I'd rather have the server continue serving the data and go non-authoritative. I can see where reasonable people may disagree. Perhaps a good way of addressing the problem is to make it compile-time tuneable, and then we can have an arm-wrestling match for what the default behavior should be in the distribution. :slight_smile:

How about matching BIND in such odd cases unless there's a good reason to, and then spending effort on a good way to alert the operator in case of errors instead of on an arm-wrestling match? After all, the _right_ way to deal with this situation is to make it go away quickly.

Seriously, how about this? nsdc logs errors as per usual, and also writes a status file. The same file is written every time, and its content doesn't change unless there's an error.

It could look like this two-liner:

Zones: nnnn (prinary nnnn, secondary nnnn).
Zones with errors: <names>

On freebsd, it's really easy to keep looking at such a file. There's a system which will mail it to the administrator every time the file changes.

Arnt

[On 15 Oct, @ 17:14, Erik wrote in "Re: Handling of zone transfers ..."]

Robert E.Seastrom wrote:
>One problem I've noticed (hopefully fixed in newer versions) is that
>"nsdc update" does not deal gracefully with having an expired or
>non-transferable zone.
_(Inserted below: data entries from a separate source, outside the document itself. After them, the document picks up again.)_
lemma continuous_on_ratio_cutoff: "0 < c \<Longrightarrow> continuous_on S (ratio_cutoff r c)"
  unfolding ratio_cutoff_def cutoff_def by (intro continuous_intros) auto

lemma ratio_cutoff_mult:
  assumes "0 < c" "0 \<le> \<kappa>" "0 \<le> s" "\<bar>\<xi>\<bar> \<le> \<kappa>"
  shows "ratio_cutoff (c + \<kappa>) c (s, s + \<xi>) * (s + \<xi>) = cutoff (c + \<kappa>) s"
proof (cases "s \<le> c + \<kappa>")
  case False
  then have "c \<le> s + \<xi>" "(s - (c + \<kappa>)) / (s + \<xi>) \<le> 1" using assms by (auto simp: abs_le_iff)
  then show ?thesis using False assms(1) by (simp add: ratio_cutoff_def cutoff_def max_def)
qed (simp add: ratio_cutoff_def cutoff_def)

lemma pair_calculus_positive_pair:
  assumes "positive h" "positive a" "norm h \<le> 1" "norm a \<le> 1"
  shows "pair_calculus calc_box ({0..8} \<times> {0..8}) h a"
  using assms by unfold_locales (auto simp: calc_box_def intro: poly_dominated_positive_pair)

lemma pair_calculus_close_pair:
  assumes "positive h" "positive a" "norm h \<le> 1" "norm (a - h) < \<kappa>" "\<kappa> \<le> 1"
  shows "pair_calculus calc_box (strip \<kappa>) h a"
proof
  show "strip \<kappa> \<subseteq> calc_box" using assms(5) by (auto simp: strip_def calc_box_def cbox_Pair_eq abs_le_iff)
  have "star (a - h) = a - h" using assms(1,2) by (simp add: star_positive star_diff)
  then show "poly_dominated (strip \<kappa>) h a"
    using poly_dominated_close_pair[of h "a - h" \<kappa>] assms(1,3,4) by simp
qed (auto simp: calc_box_def)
To my way of thinking it should either build
>nsd.db including the expired data but unset the authority bit in
>replies or simply leave the zone out of nsd.db rather than refusing to
>update the database for the other zones.

I actually wasn't aware of this problem. So this has not been fixed in
any version of NSD. Whatever the fix (if any) may be of course.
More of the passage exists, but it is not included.